#### WORK TASK
Every line of the material below that contains the string "bound" must appear in the answer.

--------

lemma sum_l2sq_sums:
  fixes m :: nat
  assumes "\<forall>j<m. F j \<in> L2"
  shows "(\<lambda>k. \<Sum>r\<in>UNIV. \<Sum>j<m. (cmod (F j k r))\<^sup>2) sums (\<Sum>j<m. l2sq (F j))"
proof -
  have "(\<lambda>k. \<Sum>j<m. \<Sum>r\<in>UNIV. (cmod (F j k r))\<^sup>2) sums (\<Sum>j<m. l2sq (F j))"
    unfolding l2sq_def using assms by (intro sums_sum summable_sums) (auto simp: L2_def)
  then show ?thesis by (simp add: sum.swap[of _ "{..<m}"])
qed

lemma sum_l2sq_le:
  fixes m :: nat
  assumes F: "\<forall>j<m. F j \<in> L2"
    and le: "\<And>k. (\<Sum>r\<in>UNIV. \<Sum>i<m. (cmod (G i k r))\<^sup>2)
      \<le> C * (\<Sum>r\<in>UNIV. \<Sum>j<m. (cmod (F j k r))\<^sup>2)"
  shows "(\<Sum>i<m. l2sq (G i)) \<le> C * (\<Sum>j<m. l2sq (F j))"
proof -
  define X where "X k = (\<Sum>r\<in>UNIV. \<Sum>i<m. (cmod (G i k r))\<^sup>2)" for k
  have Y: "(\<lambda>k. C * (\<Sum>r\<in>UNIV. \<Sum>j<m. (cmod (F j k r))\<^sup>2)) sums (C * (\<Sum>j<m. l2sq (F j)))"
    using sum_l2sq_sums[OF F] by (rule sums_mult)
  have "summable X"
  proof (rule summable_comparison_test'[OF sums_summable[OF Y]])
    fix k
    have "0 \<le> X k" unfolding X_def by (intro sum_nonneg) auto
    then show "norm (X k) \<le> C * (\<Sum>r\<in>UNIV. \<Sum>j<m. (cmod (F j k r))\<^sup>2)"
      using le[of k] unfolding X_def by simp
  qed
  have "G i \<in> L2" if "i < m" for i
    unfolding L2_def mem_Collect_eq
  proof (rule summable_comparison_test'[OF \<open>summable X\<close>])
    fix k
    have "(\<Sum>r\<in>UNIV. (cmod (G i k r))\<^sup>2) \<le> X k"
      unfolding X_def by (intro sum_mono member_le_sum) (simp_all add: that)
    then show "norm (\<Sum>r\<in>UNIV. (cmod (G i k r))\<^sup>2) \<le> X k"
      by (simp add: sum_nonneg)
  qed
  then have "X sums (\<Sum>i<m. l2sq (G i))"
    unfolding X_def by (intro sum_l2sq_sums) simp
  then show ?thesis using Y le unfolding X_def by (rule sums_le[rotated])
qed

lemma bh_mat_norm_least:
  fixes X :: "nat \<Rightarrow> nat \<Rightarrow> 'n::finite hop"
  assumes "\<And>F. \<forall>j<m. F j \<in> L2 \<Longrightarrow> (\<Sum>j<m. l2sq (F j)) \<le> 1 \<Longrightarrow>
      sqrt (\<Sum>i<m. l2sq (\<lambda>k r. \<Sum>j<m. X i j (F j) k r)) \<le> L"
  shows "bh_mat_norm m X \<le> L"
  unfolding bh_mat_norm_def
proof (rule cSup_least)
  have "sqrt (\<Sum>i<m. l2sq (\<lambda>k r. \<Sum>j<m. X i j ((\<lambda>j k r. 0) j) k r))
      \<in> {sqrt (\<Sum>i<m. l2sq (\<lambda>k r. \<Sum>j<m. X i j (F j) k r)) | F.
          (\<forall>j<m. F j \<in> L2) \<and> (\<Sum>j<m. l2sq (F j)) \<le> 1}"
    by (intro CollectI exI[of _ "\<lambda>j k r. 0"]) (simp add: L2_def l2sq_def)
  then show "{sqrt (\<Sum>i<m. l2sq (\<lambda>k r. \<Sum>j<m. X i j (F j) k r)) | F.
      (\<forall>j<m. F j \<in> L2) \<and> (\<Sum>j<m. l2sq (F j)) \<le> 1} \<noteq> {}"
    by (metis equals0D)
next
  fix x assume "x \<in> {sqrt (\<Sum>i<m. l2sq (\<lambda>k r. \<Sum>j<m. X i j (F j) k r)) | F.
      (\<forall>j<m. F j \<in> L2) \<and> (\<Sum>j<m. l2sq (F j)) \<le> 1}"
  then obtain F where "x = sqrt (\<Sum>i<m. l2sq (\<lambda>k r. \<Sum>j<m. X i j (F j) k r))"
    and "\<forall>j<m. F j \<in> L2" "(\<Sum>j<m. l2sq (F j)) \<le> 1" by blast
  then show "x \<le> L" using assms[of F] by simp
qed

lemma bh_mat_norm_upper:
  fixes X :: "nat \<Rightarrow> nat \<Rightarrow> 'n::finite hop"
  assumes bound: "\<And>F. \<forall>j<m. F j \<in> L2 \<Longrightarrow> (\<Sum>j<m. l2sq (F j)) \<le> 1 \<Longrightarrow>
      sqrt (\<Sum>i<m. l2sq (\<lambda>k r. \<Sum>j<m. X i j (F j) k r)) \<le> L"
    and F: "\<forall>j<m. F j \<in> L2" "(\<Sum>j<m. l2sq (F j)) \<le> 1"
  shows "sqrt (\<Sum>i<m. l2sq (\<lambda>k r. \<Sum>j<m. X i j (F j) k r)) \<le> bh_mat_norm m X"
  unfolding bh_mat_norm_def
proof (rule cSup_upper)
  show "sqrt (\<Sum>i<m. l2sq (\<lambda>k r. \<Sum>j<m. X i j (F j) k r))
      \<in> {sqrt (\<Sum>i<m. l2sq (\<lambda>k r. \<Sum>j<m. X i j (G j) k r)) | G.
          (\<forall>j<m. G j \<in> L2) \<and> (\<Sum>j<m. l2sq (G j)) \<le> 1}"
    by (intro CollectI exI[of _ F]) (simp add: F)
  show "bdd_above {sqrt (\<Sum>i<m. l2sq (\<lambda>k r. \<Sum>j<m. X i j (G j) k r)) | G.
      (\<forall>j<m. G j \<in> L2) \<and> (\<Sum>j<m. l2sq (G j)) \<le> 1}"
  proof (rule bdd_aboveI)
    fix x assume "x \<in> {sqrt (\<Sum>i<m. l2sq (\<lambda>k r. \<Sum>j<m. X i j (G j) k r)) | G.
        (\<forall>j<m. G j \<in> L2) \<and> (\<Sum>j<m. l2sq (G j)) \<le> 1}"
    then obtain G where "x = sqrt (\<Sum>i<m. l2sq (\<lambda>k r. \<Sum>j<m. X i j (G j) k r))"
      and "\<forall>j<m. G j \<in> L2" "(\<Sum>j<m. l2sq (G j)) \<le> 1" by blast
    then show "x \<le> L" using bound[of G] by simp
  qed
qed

--------

#### EXERCISE OUTPUT
  assumes bound: "\<And>F. \<forall>j<m. F j \<in> L2 \<Longrightarrow> (\<Sum>j<m. l2sq (F j)) \<le> 1 \<Longrightarrow>
    then show "x \<le> L" using bound[of G] by simp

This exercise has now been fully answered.